I have a figure showing the contourf plot and another showing a plot i've made earlier and I want to plot both on the same figure what should I do? 我有一个图显示了contourf图,另一个图显示了我之前绘制的图,我想将两个图都绘制在同一图上,我该怎么办? Here is the code of my contourf plot: 这是我的contourf图的代码:

import pylab as pl
from pylab import *
import xlrd
import math
import itertools
from matplotlib import collections as mc
import matplotlib.pyplot as plt
import copy as dc
import pyexcel
from pyexcel.ext import xlsx
import decimal

x_list = linspace(0, 99, 100)
y_list = linspace(0, 99, 100)
X, Y = meshgrid(x_list, y_list, indexing='xy')

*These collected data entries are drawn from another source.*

lemma (in prob_space) expectation_mult_next_indep:
  fixes X :: "nat \<Rightarrow> 'a \<Rightarrow> real" and G :: "(nat \<Rightarrow> real) \<Rightarrow> real" and h :: "real \<Rightarrow> real"
  assumes indep: "indep_vars (\<lambda>_. borel) X UNIV"
    and G [measurable]: "G \<in> borel_measurable (PiM {..<k} (\<lambda>_. borel))" and G_le: "\<And>y. \<bar>G y\<bar> \<le> B"
    and h [measurable]: "h \<in> borel_measurable borel" and h_le: "\<And>x. \<bar>h x\<bar> \<le> C"
  shows "expectation (\<lambda>\<omega>. G (restrict (\<lambda>j. X j \<omega>) {..<k}) * h (X k \<omega>))
    = expectation (\<lambda>\<omega>. G (restrict (\<lambda>j. X j \<omega>) {..<k})) * expectation (\<lambda>\<omega>. h (X k \<omega>))"
proof -
  have [measurable]: "X i \<in> borel_measurable M" for i
    using indep by (simp add: indep_vars_def)
  have iv: "indep_var (PiM {..<k} (\<lambda>_. borel)) (\<lambda>\<omega>. restrict (\<lambda>j. X j \<omega>) {..<k})
      (PiM {k} (\<lambda>_. borel)) (\<lambda>\<omega>. restrict (\<lambda>j. X j \<omega>) {k})"
    by (rule indep_var_restrict[OF indep]) auto
  have hk: "(\<lambda>y. h (y k)) \<in> borel_measurable (PiM {k} (\<lambda>_. borel))" by measurable
  have "indep_var borel (\<lambda>\<omega>. G (restrict (\<lambda>j. X j \<omega>) {..<k})) borel (\<lambda>\<omega>. h (X k \<omega>))"
    using indep_var_compose[OF iv G hk] by (simp add: comp_def)
  moreover have "integrable M (\<lambda>\<omega>. G (restrict (\<lambda>j. X j \<omega>) {..<k}))"
    using G_le by (intro integrable_const_bound[where B = B]) auto
  moreover have "integrable M (\<lambda>\<omega>. h (X k \<omega>))"
    using h_le by (intro integrable_const_bound[where B = C]) auto
  ultimately show ?thesis
    by (rule indep_var_lebesgue_integral)
qed

locale indep_uniform_codes = prob_space M for M :: "'a measure" +
  fixes eps :: "nat \<Rightarrow> 'a \<Rightarrow> real" and code :: "real \<Rightarrow> nat" and R :: nat
  assumes indep_eps: "indep_vars (\<lambda>_. borel) eps UNIV"
    and measurable_code [measurable]: "code \<in> borel \<rightarrow>\<^sub>M count_space UNIV"
    and code_less: "\<And>x. code x < R"
    and prob_code_eq: "\<And>i a. a < R \<Longrightarrow> prob {\<omega> \<in> space M. code (eps i \<omega>) = a} = 1 / R"
    and R_gt_1: "1 < R"
begin

lemma measurable_eps [measurable]: "eps i \<in> borel_measurable M"
  using indep_eps by (simp add: indep_vars_def)

definition match_fun :: "nat list \<Rightarrow> nat \<Rightarrow> (nat \<Rightarrow> real) \<Rightarrow> real" where
  "match_fun u a x = centered_match R u a (\<lambda>j. code (x j))"

definition cmatch :: "nat list \<Rightarrow> nat \<Rightarrow> nat \<Rightarrow> 'a \<Rightarrow> real" where
  "cmatch u a i \<omega> = centered_match R u a (\<lambda>j. code (eps (i + j) \<omega>))"

lemma window_match_fun: "window eps (Suc (length u)) (match_fun u a) i = cmatch u a i"
  by (auto simp: fun_eq_iff window_def match_fun_def cmatch_def intro: centered_match_cong)

lemma measurable_match_fun [measurable]: "match_fun u a \<in> borel_measurable (PiM I (\<lambda>_. borel))"
  unfolding match_fun_def centered_match_def by measurable

lemma measurable_cmatch [measurable]: "cmatch u a i \<in> borel_measurable M"
  unfolding cmatch_def centered_match_def by measurable

lemma abs_cmatch_le: "\<bar>cmatch u a i \<omega>\<bar> \<le> 1"
  unfolding cmatch_def using R_gt_1 by (intro abs_centered_match_le) simp

lemma integrable_cmatch_mult: "integrable M (\<lambda>\<omega>. cmatch u a i \<omega> * cmatch u' a' i' \<omega>)"
  using abs_cmatch_le by (intro integrable_const_bound[where B = 1]) (auto simp: abs_mult intro!: mult_le_one)

lemma integrable_cmatch: "integrable M (cmatch u a i)"
  using abs_cmatch_le by (intro integrable_const_bound[where B = 1]) auto

lemma expectation_code_indicator:
  assumes "a < R"
  shows "expectation (\<lambda>\<omega>. of_bool (code (eps k \<omega>) = a)) = 1 / R"
proof -
  have "expectation (\<lambda>\<omega>. of_bool (code (eps k \<omega>) = a))
      = expectation (indicator {\<omega> \<in> space M. code (eps k \<omega>) = a})"
    by (intro Bochner_Integration.integral_cong) (auto simp: indicator_def)
  also have "\<dots> = prob {\<omega> \<in> space M. code (eps k \<omega>) = a}"
    by (simp add: Int_def conj_commute)
  finally show ?thesis
    using prob_code_eq[OF assms, of k] by simp
qed
lemma dual_iterates_nonneg:
  fixes ls :: "nat \<Rightarrow> 'e \<Rightarrow> real"
  assumes init: "\<forall>e\<in>E. ls 1 e = 0"
    and step: "\<forall>s\<ge>1. \<forall>e\<in>E. ls (Suc s) e = max 0 (d s e)" and s: "s \<ge> 1" and e: "e \<in> E"
  shows "ls s e \<ge> 0"
  using s by (induction s rule: dec_induct) (use init step e in auto)

theorem lemma1:
  fixes X :: "'a::euclidean_space set"
    and E :: "('n::finite \<times> 'n) set"
    and \<Theta> :: "'n \<Rightarrow> 'th set"
    and f :: "'n \<Rightarrow> 'a \<Rightarrow> 'th \<Rightarrow> real" and gf :: "'n \<Rightarrow> 'a \<Rightarrow> 'th \<Rightarrow> 'a"
    and h :: "'n \<Rightarrow> 'n \<Rightarrow> 'a \<Rightarrow> 'a \<Rightarrow> 'th \<Rightarrow> 'th \<Rightarrow> real"
    and gh1 gh2 :: "'n \<Rightarrow> 'n \<Rightarrow> 'a \<Rightarrow> 'a \<Rightarrow> 'th \<Rightarrow> 'th \<Rightarrow> 'a"
    and \<gamma> :: "'n \<times> 'n \<Rightarrow> real"
    and \<theta> :: "'n \<Rightarrow> nat \<Rightarrow> 'th"
    and \<tau> :: "'n \<Rightarrow> nat \<Rightarrow> nat"
    and \<epsilon> \<delta> :: real
    and xs :: "nat \<Rightarrow> 'a ^ 'n"
    and ls :: "nat \<Rightarrow> ('n \<times> 'n \<Rightarrow> real)"
    and t :: nat and x :: "'a ^ 'n" and l :: "'n \<times> 'n \<Rightarrow> real"
  assumes X: "X \<noteq> {}" "compact X" "convex X"
    and A1: "sym_connected E"
    and gamma: "\<forall>e\<in>E. \<gamma> e \<ge> 0"
    and data: "\<forall>i s. \<theta> i s \<in> \<Theta> i"
    and f_convex: "\<forall>i. \<forall>th\<in>\<Theta> i. convex_on X (\<lambda>u. f i u th)"
    and f_grad: "\<forall>i. \<forall>th\<in>\<Theta> i. \<forall>u\<in>X.
                   ((\<lambda>u. f i u th) has_derivative (\<lambda>v. inner (gf i u th) v)) (at u within X)"
    and h_convex: "\<forall>(i, j)\<in>E. \<forall>th\<in>\<Theta> i. \<forall>th'\<in>\<Theta> j.
                   convex_on (X \<times> X) (\<lambda>z. h i j (fst z) (snd z) th th')"
    and h_grad: "\<forall>(i, j)\<in>E. \<forall>th\<in>\<Theta> i. \<forall>th'\<in>\<Theta> j. \<forall>z\<in>X \<times> X.
                   ((\<lambda>z. h i j (fst z) (snd z) th th') has_derivative
                     (\<lambda>w. inner (gh1 i j (fst z) (snd z) th th') (fst w)
                          + inner (gh2 i j (fst z) (snd z) th th') (snd w))) (at z within X \<times> X)"
    and delay1: "\<forall>i s. s \<ge> 1 \<longrightarrow> s - \<tau> i s \<ge> 1"
    and delay2: "\<forall>i s. s \<ge> 2 \<longrightarrow> \<tau> i s \<le> \<tau> i (s - 1) + 1"
    and A6: "\<exists>\<tau>max. \<forall>i s. \<tau> i s \<le> \<tau>max"
    and eps: "\<epsilon> > 0" and del: "\<delta> > 0"
    and init_x: "xs 1 \<in> XN X"
    and init_l: "\<forall>e\<in>E. ls 1 e = 0"
    and step_x: "\<forall>s\<ge>1. xs (Suc s) =
        projXN X (xs s - \<epsilon> *\<^sub>R gradx gf gh1 gh2 E \<theta> \<tau> s (xdel \<tau> xs s) (ls s))"
    and step_l: "\<forall>s\<ge>1. \<forall>e\<in>E. ls (Suc s) e =
        max 0 (ls s e + \<epsilon> * gradl h \<gamma> E \<delta> \<epsilon> \<theta> \<tau> s (xdel \<tau> xs s) (ls s) e)"
    and t: "t \<ge> 1"
    and x: "x \<in> XN X"
    and l: "\<forall>e\<in>E. l e \<ge> 0"
  shows "Lhat f h \<gamma> E \<delta> \<epsilon> \<theta> \<tau> t (xdel \<tau> xs t) l - Lhat f h \<gamma> E \<delta> \<epsilon> \<theta> \<tau> t x (ls t)
    \<le> 1 / (2 * \<epsilon>) * ((norm (xs t - x))\<^sup>2 - (norm (xs (Suc t) - x))\<^sup>2
                       + lnormsq E (\<lambda>e. ls t e - l e) - lnormsq E (\<lambda>e. ls (Suc t) e - l e))
      + \<epsilon> / 2 * (lnormsq E (gradl h \<gamma> E \<delta> \<epsilon> \<theta> \<tau> t (xdel \<tau> xs t) (ls t))
                 + (norm (gradx gf gh1 gh2 E \<theta> \<tau> t (xdel \<tau> xs t) (ls t)))\<^sup>2)
      + inner (gradx gf gh1 gh2 E \<theta> \<tau> t (xdel \<tau> xs t) (ls t)) (xdel \<tau> xs t - xs t)"
proof -
  define y where "y = xdel \<tau> xs t"
  define g where "g = gradx gf gh1 gh2 E \<theta> \<tau> t y (ls t)"
  define gl where "gl = gradl h \<gamma> E \<delta> \<epsilon> \<theta> \<tau> t y (ls t)"
  have cX: "closed X" using X(2) by (rule compact_imp_closed)
  have "\<forall>s\<ge>1. xs s \<in> XN X" using primal_iterates_in_XN[OF cX init_x step_x] by blast
  then have y: "y \<in> XN X" using delay1 t by (auto simp: y_def XN_def xdel_def dl_def)
  have ls_nonneg: "\<forall>e\<in>E. ls t e \<ge> 0" using dual_iterates_nonneg[OF init_l step_l t] by blast
  have concave: "Lhat f h \<gamma> E \<delta> \<epsilon> \<theta> \<tau> t y l - Lhat f h \<gamma> E \<delta> \<epsilon> \<theta> \<tau> t y (ls t)
      \<le> (\<Sum>e\<in>E. gl e * (l e - ls t e))"
    unfolding gl_def using del eps by (intro Lhat_diff_le_gradl_sum) simp
  have convex: "Lhat f h \<gamma> E \<delta> \<epsilon> \<theta> \<tau> t y (ls t) - Lhat f h \<gamma> E \<delta> \<epsilon> \<theta> \<tau> t x (ls t) \<le> inner g (y - x)"
    unfolding g_def
    by (rule Lhat_diff_le_inner_gradx[OF X(3) data f_convex f_grad h_convex h_grad y x ls_nonneg])
  have primal: "inner g (xs t - x)
      \<le> ((norm (xs t - x))\<^sup>2 - (norm (xs (Suc t) - x))\<^sup>2) / (2 * \<epsilon>) + \<epsilon> / 2 * (norm g)\<^sup>2"
    using closest_point_step_bound[OF convex_XN[OF X(3)] closed_XN[OF cX] _ x eps, of g "xs t"] step_x t x
    by (auto simp: projXN_def g_def y_def)
  have dual: "(\<Sum>e\<in>E. gl e * (l e - ls t e))
      \<le> (lnormsq E (\<lambda>e. ls t e - l e) - lnormsq E (\<lambda>e. ls (Suc t) e - l e)) / (2 * \<epsilon>)
        + \<epsilon> / 2 * lnormsq E gl"
    using step_l t by (intro dual_step_bound[OF eps l]) (simp add: gl_def y_def)
  have "inner g (y - x) = inner g (xs t - x) + inner g (y - xs t)"
    by (simp add: inner_diff_right)
  with concave convex primal dual show ?thesis
    unfolding y_def[symmetric] g_def[symmetric] gl_def[symmetric]
    by (simp add: add_divide_distrib diff_divide_distrib distrib_left right_diff_distrib)
qed
text \<open>Conjugating [u,v] by w gives [u [u,w], v [v,w]]; under the commutation hypotheses
  its expansion collapses to [u,[v,w]] [u,v] [[u,w],v].\<close>

lemma (in group) comm_comm_expand:
  assumes u: "u \<in> carrier G" and v: "v \<in> carrier G" and w: "w \<in> carrier G"
    and central1: "\<And>g. g \<in> carrier G \<Longrightarrow> comm G u (comm G v w) \<otimes> g = g \<otimes> comm G u (comm G v w)"
    and central2: "\<And>g. g \<in> carrier G \<Longrightarrow> comm G (comm G u w) v \<otimes> g = g \<otimes> comm G (comm G u w) v"
    and "comm G u v \<otimes> comm G u w = comm G u w \<otimes> comm G u v"
    and "comm G u v \<otimes> comm G v w = comm G v w \<otimes> comm G u v"
    and "comm G u w \<otimes> comm G v w = comm G v w \<otimes> comm G u w"
  shows "comm G (comm G u v) w = comm G (comm G u w) v \<otimes> comm G u (comm G v w)"
proof -
  define u1 v1 C D1 D2 where "u1 = comm G u w" and "v1 = comm G v w" and "C = comm G u v"
    and "D1 = comm G u v1" and "D2 = comm G u1 v"
  have carr: "u1 \<in> carrier G" "v1 \<in> carrier G" "C \<in> carrier G" "D1 \<in> carrier G" "D2 \<in> carrier G"
    using u v w by (simp_all add: u1_def v1_def C_def D1_def D2_def)
  have D1_central: "\<And>g. g \<in> carrier G \<Longrightarrow> D1 \<otimes> g = g \<otimes> D1"
    and D2_central: "\<And>g. g \<in> carrier G \<Longrightarrow> D2 \<otimes> g = g \<otimes> D2"
    using central1 central2 by (simp_all add: D1_def D2_def u1_def v1_def)
  have C_u1: "C \<otimes> u1 = u1 \<otimes> C" and C_v1: "C \<otimes> v1 = v1 \<otimes> C" and u1_v1: "u1 \<otimes> v1 = v1 \<otimes> u1"
    using assms(6-8) by (simp_all add: u1_def v1_def C_def)
  have "inv w \<otimes> C \<otimes> w = comm G (u \<otimes> u1) (v \<otimes> v1)"
    using u v w by (simp add: u1_def v1_def C_def comm_def m_assoc inv_mult_group)
  also have "\<dots> = (inv u1 \<otimes> comm G u (v \<otimes> v1) \<otimes> u1) \<otimes> comm G u1 (v \<otimes> v1)"
    using u v carr by (simp add: comm_mult_left)
  also have "comm G u (v \<otimes> v1) = D1 \<otimes> C"
    using comm_mult_right[OF u v carr(2)] conj_eq_if_commute[OF carr(3,2) C_v1] by (simp add: C_def D1_def)
  also have "comm G u1 (v \<otimes> v1) = D2"
    using comm_mult_right[OF carr(1) v carr(2)] comm_eq_one_iff[OF carr(1,2)] u1_v1
      conj_eq_if_commute[OF carr(5,2) D2_central[OF carr(2)]] carr v
    by (simp add: D2_def u1_def)
  also have "inv u1 \<otimes> (D1 \<otimes> C) \<otimes> u1 = D1 \<otimes> C"
  proof (rule conj_eq_if_commute)
    have "D1 \<otimes> C \<otimes> u1 = D1 \<otimes> (u1 \<otimes> C)" using carr C_u1 by (simp add: m_assoc)
    also have "\<dots> = u1 \<otimes> (D1 \<otimes> C)" using carr D1_central[OF carr(1)] by (simp add: m_assoc[symmetric])
    finally show "D1 \<otimes> C \<otimes> u1 = u1 \<otimes> (D1 \<otimes> C)" .
  qed (use carr in simp_all)
  finally have "inv w \<otimes> C \<otimes> w = D1 \<otimes> C \<otimes> D2" .
  then have "comm G C w = inv C \<otimes> (D1 \<otimes> C \<otimes> D2)"
    using carr w by (simp add: comm_def m_assoc)
  also have "\<dots> = D2 \<otimes> D1"
    using carr D1_central[OF carr(3)] D1_central[OF carr(5)] by (simp add: m_assoc)
  finally show ?thesis by (simp add: C_def D1_def D2_def u1_def v1_def)
qed
(* Let $\Psi=\{\psi_i\}_{i=1}^N\subset\mathbb{R}^d$ be a frame for $\mathbb{R}^d$ with $\sum_{i=1}^N\psi_i=0$, and let $\mu=\frac1N\sum_{i=1}^N\delta_{\psi_i}$. Then $\mu$ has no equal-weight transport dual supported on a set of cardinality $d$; that is, there is no measure of the form $\nu=\frac1d\sum_{k=1}^d\delta_{\varphi_k}$ with $d$ distinct points $\varphi_1,\dots,\varphi_d\in\mathbb{R}^d$ such that $\nu\in D_\mu$.
   Context: A finite frame for $\mathbb{R}^d$ is a finite set of vectors spanning $\mathbb{R}^d$. $\Gamma(\mu,\nu)$ is the set of probability measures on $\mathbb{R}^d\times\mathbb{R}^d$ with marginals $\mu$ and $\nu$. For a probabilistic frame $\mu$ (a probability measure with finite second moment whose support spans $\mathbb{R}^d$), a probability measure $\nu$ with finite second moment is a transport dual to $\mu$ if there exists $\gamma\in\Gamma(\mu,\nu)$ with $\iint xy^\top d\gamma(x,y)=I$; $D_\mu$ denotes the set of transport duals of $\mu$. *)

theory Defs
  imports "HOL-Probability.Probability"
begin

definition finite_frame :: "nat \<Rightarrow> (nat \<Rightarrow> real^'d) \<Rightarrow> bool" where
  "finite_frame N \<psi> \<longleftrightarrow> inj_on \<psi> {..<N} \<and> span (\<psi> ` {..<N}) = UNIV"

definition empirical_measure :: "'i set \<Rightarrow> ('i \<Rightarrow> real^'d) \<Rightarrow> (real^'d) measure" where
  "empirical_measure I \<psi> = distr (uniform_count_measure I) borel \<psi>"

definition outer :: "real^'d \<Rightarrow> real^'d \<Rightarrow> real^'d^'d" where
  "outer x y = (\<chi> i j. x $ i * y $ j)"

definition finite_second_moment :: "(real^'d) measure \<Rightarrow> bool" where
  "finite_second_moment \<nu> \<longleftrightarrow> prob_space \<nu> \<and> sets \<nu> = sets borel
     \<and> integrable \<nu> (\<lambda>x. (norm x)\<^sup>2)"

definition couplings :: "(real^'d) measure \<Rightarrow> (real^'d) measure \<Rightarrow> ((real^'d) \<times> (real^'d)) measure set" where
  "couplings \<mu> \<nu> = {\<gamma>. prob_space \<gamma> \<and> sets \<gamma> = sets (borel :: ((real^'d) \<times> (real^'d)) measure)
      \<and> distr \<gamma> (borel :: (real^'d) measure) fst = \<mu> \<and> distr \<gamma> (borel :: (real^'d) measure) snd = \<nu>}"

definition transport_dual :: "(real^'d) measure \<Rightarrow> (real^'d) measure \<Rightarrow> bool" where
  "transport_dual \<mu> \<nu> \<longleftrightarrow> finite_second_moment \<nu> \<and>
     (\<exists>\<gamma>\<in>couplings \<mu> \<nu>. integrable \<gamma> (\<lambda>(x,y). outer x y)
        \<and> (\<integral>p. (case p of (x,y) \<Rightarrow> outer x y) \<partial>\<gamma>) = mat 1)"

end

theory Submission
  imports Defs
begin

text \<open>
  Any d points phi_1, ..., phi_d of R^d lie on a common affine hyperplane
  {y. y \<bullet> w = c} with w \<noteq> 0. If \<gamma> couples \<mu> with the uniform measure on these
  points and the integral of x y^T over \<gamma> is the identity, then testing this identity with
  w on both sides gives w \<bullet> w = \<integral> (w \<bullet> x) (y \<bullet> w) d\<gamma> = c \<integral> (w \<bullet> x) d\<mu>, which vanishes
  because \<mu> has mean zero.
\<close>

lemma points_in_common_hyperplane:
  fixes \<phi> :: "'i \<Rightarrow> 'a::euclidean_space"
  assumes "finite I" and "card I \<le> DIM('a)"
  obtains w c where "w \<noteq> 0" and "\<And>k. k \<in> I \<Longrightarrow> \<phi> k \<bullet> w = c"
proof (cases "I = {}")
  case True
  obtain b :: 'a where "b \<in> Basis" using nonempty_Basis by blast
  with True that[of b 0] show ?thesis by (auto simp: nonzero_Basis)
next
  case False
  then obtain k0 where "k0 \<in> I" by blast
  define S where "S = (\<lambda>k. \<phi> k - \<phi> k0) ` (I - {k0})"
  have "dim S \<le> card S"
    using assms(1) by (simp add: S_def dim_le_card')
  also have "\<dots> \<le> card (I - {k0})"
    unfolding S_def using card_image_le assms(1) by blast
  also have "\<dots> < DIM('a)"
    using card_Diff1_less[OF assms(1) \<open>k0 \<in> I\<close>] assms(2) by linarith
  finally obtain w where "w \<noteq> 0" and w: "\<And>y. y \<in> span S \<Longrightarrow> orthogonal w y"
    using orthogonal_to_subspace_exists by blast
  have "\<phi> k \<bullet> w = \<phi> k0 \<bullet> w" if "k \<in> I" for k
  proof (cases "k = k0")
    case False
    with that have "\<phi> k - \<phi> k0 \<in> span S" unfolding S_def by (auto intro: span_base)
    then have "w \<bullet> (\<phi> k - \<phi> k0) = 0" using w orthogonal_def by blast
    then show ?thesis by (simp add: inner_diff_right inner_commute)
  qed simp
  with \<open>w \<noteq> 0\<close> that show ?thesis by blast
qed

lemma outer_mult_vec: "outer x y *v v = (y \<bullet> v) *\<^sub>R x"
  by (simp add: outer_def matrix_vector_mult_def inner_vec_def vec_eq_iff sum_distrib_left mult_ac)

lemma bounded_linear_mult_vec_left: "bounded_linear (\<lambda>A::real^'n^'m. A *v v)"
  by (auto simp: linear_conv_bounded_linear[symmetric] linear_iff matrix_vector_mult_def vec_eq_iff
      algebra_simps sum.distrib sum_distrib_left)

lemma sets_coupling: "\<gamma> \<in> couplings \<mu> \<nu> \<Longrightarrow> sets \<gamma> = sets borel"
  by (simp add: couplings_def)

lemma measurable_coupling:
  assumes "\<gamma> \<in> couplings \<mu> \<nu>" and "f \<in> measurable borel N"
  shows "f \<in> measurable \<gamma> N"
  using assms by (simp add: measurable_cong_sets[OF sets_coupling refl])

lemma integral_fst_coupling:
  fixes f :: "real^'d \<Rightarrow> real"
  assumes \<gamma>: "\<gamma> \<in> couplings \<mu> \<nu>" and f: "f \<in> borel_measurable borel"
  shows "(\<integral>p. f (fst p) \<partial>\<gamma>) = (\<integral>x. f x \<partial>\<mu>)"
proof -
  have "fst \<in> measurable \<gamma> (borel :: (real^'d) measure)"
    by (rule measurable_coupling[OF \<gamma>]) (intro borel_measurable_continuous_onI continuous_intros)
  from integral_distr[OF this f] \<gamma> show ?thesis
    by (simp add: couplings_def)
qed

lemma AE_snd_coupling:
  fixes \<gamma> :: "((real^'d) \<times> (real^'d)) measure"
  assumes \<gamma>: "\<gamma> \<in> couplings \<mu> \<nu>" and P: "AE y in \<nu>. P y"
  shows "AE p in \<gamma>. P (snd p)"
proof (rule AE_distrD[where f = snd])
  show "snd \<in> measurable \<gamma> (borel :: (real^'d) measure)"
    by (rule measurable_coupling[OF \<gamma>]) (intro borel_measurable_continuous_onI continuous_intros)
  have "distr \<gamma> borel snd = \<nu>"
    using \<gamma> by (simp add: couplings_def)
  then show "AE y in distr \<gamma> borel snd. P y"
    using P by (simp only:)
qed

lemma measurable_uniform_count_measure_borel:
  "f \<in> measurable (uniform_count_measure I) borel"
  by (simp add: measurable_cong_sets[OF sets_uniform_count_measure_count_space refl])

lemma integral_empirical_measure:
  fixes f :: "real^'d \<Rightarrow> real"
  assumes "finite I" and "f \<in> borel_measurable borel"
  shows "(\<integral>x. f x \<partial>empirical_measure I \<psi>) = (\<Sum>i\<in>I. f (\<psi> i)) / card I"
  using assms
  by (simp add: empirical_measure_def integral_distr integral_uniform_count_measure
      measurable_uniform_count_measure_borel)

lemma AE_empirical_measure_image:
  assumes "finite I"
  shows "AE y in empirical_measure I \<psi>. y \<in> \<psi> ` I"
proof -
  have "\<psi> ` I \<in> sets borel"
    using assms by (intro borel_closed finite_imp_closed) simp
  then show ?thesis
    unfolding empirical_measure_def
    by (subst AE_distr_iff[OF measurable_uniform_count_measure_borel])
      (auto simp: space_uniform_count_measure)
qed
lemma inner_integral_outer_mult_vec:
  fixes \<gamma> :: "((real^'d) \<times> (real^'d)) measure"
  assumes "integrable \<gamma> (\<lambda>(x, y). outer x y)"
  shows "w \<bullet> ((\<integral>p. (case p of (x, y) \<Rightarrow> outer x y) \<partial>\<gamma>) *v w)
           = (\<integral>p. (w \<bullet> fst p) * (snd p \<bullet> w) \<partial>\<gamma>)"
proof -
  have "w \<bullet> ((\<integral>p. (case p of (x, y) \<Rightarrow> outer x y) \<partial>\<gamma>) *v w)
          = (\<integral>p. w \<bullet> ((case p of (x, y) \<Rightarrow> outer x y) *v w) \<partial>\<gamma>)"
    by (rule integral_bounded_linear[symmetric, OF _ assms])
       (intro bounded_linear_compose[OF bounded_linear_inner_right bounded_linear_mult_vec_left])
  then show ?thesis
    by (simp add: case_prod_beta outer_mult_vec mult.commute)
qed

theorem mainTheorem3:
  fixes \<psi> :: "nat \<Rightarrow> real^'d" and N :: nat
  assumes "finite_frame N \<psi>"
    and "(\<Sum>i<N. \<psi> i) = 0"
  shows "\<not> (\<exists>\<phi> :: 'd \<Rightarrow> real^'d. inj \<phi> \<and>
            transport_dual (empirical_measure {..<N} \<psi>) (empirical_measure UNIV \<phi>))"
proof
  assume "\<exists>\<phi> :: 'd \<Rightarrow> real^'d. inj \<phi> \<and>
            transport_dual (empirical_measure {..<N} \<psi>) (empirical_measure UNIV \<phi>)"
  then obtain \<phi> :: "'d \<Rightarrow> real^'d" and \<gamma>
    where \<gamma>: "\<gamma> \<in> couplings (empirical_measure {..<N} \<psi>) (empirical_measure UNIV \<phi>)"
      and integrable: "integrable \<gamma> (\<lambda>(x, y). outer x y)"
      and identity: "(\<integral>p. (case p of (x, y) \<Rightarrow> outer x y) \<partial>\<gamma>) = mat 1"
    unfolding transport_dual_def by blast
  obtain w c where "w \<noteq> 0" and hyperplane: "\<And>k. \<phi> k \<bullet> w = c"
    using points_in_common_hyperplane[of "UNIV :: 'd set" \<phi>] by auto
  have "AE p in \<gamma>. snd p \<bullet> w = c"
    using AE_snd_coupling[OF \<gamma> AE_empirical_measure_image] hyperplane by auto
  then have ae: "AE p in \<gamma>. (w \<bullet> fst p) * (snd p \<bullet> w) = c * (w \<bullet> fst p)"
    by eventually_elim simp
  have mean: "(\<integral>p. w \<bullet> fst p \<partial>\<gamma>) = 0"
    using integral_fst_coupling[OF \<gamma>, of "\<lambda>x. w \<bullet> x"] assms(2)
    by (simp add: integral_empirical_measure inner_sum_right[symmetric])
  have "w \<bullet> w = w \<bullet> ((\<integral>p. (case p of (x, y) \<Rightarrow> outer x y) \<partial>\<gamma>) *v w)"
    by (simp add: identity)
  also have "\<dots> = (\<integral>p. (w \<bullet> fst p) * (snd p \<bullet> w) \<partial>\<gamma>)"
    by (rule inner_integral_outer_mult_vec[OF integrable])
  also have "\<dots> = (\<integral>p. c * (w \<bullet> fst p) \<partial>\<gamma>)"
    using ae by (intro integral_cong_AE measurable_coupling[OF \<gamma>])
      (auto intro!: borel_measurable_continuous_onI continuous_intros)
  also have "\<dots> = 0"
    using mean by simp
  finally show False
    using \<open>w \<noteq> 0\<close> by simp
qed

end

Z = [[0 for x in range(len(x_list))] for x in range(len(y_list))]
for each_axes in range(len(Z)):
    for each_point in range(len(Z[each_axes])):
        Z[len(Z)-1-each_axes][each_point] = power_at_each_point(each_point, each_axes)

figure()
CP2 = contourf(X, Y, Z, cmap=plt.get_cmap('Reds'))
colorbar(CP2)
title('Coverage Plot')
xlabel('x (m)')
ylabel('y (m)')
show()

This is the code of my previously plotted plot: 这是我以前绘制的图的代码:

lc = mc.LineCollection(lines, linewidths=3)
fig, ax = pl.subplots()
ax.add_collection(lc)
ax.autoscale()
ax.margins(0.05)

#The code blow is just for drawing the final plot of the building.
Nodes = xlrd.open_workbook(Node_file_location)
sheet = Nodes.sheet_by_index(0)
Node_Order_Counter = range(1, sheet.nrows + 1)
In_Node_Order_Counter = 0
for counter in range(len(Node_Positions_Ascending)):
    plt.plot(Node_Positions_Ascending[counter][0],     Node_Positions_Ascending[counter][1], marker='o', color='r',
             markersize=6)
    pl.text(Node_Positions_Ascending[counter][0],     Node_Positions_Ascending[counter][1],
            str(Node_Order_Counter[In_Node_Order_Counter]),
            color="black", fontsize=15)
    In_Node_Order_Counter += 1
#Plotting the different node positions on our plot & numbering them
pl.show()

Without your data we can't see what the plot is supposed to look like, but I have some general recommendations. 没有您的数据,我们看不到该图应该是什么样子,但是我有一些一般性建议。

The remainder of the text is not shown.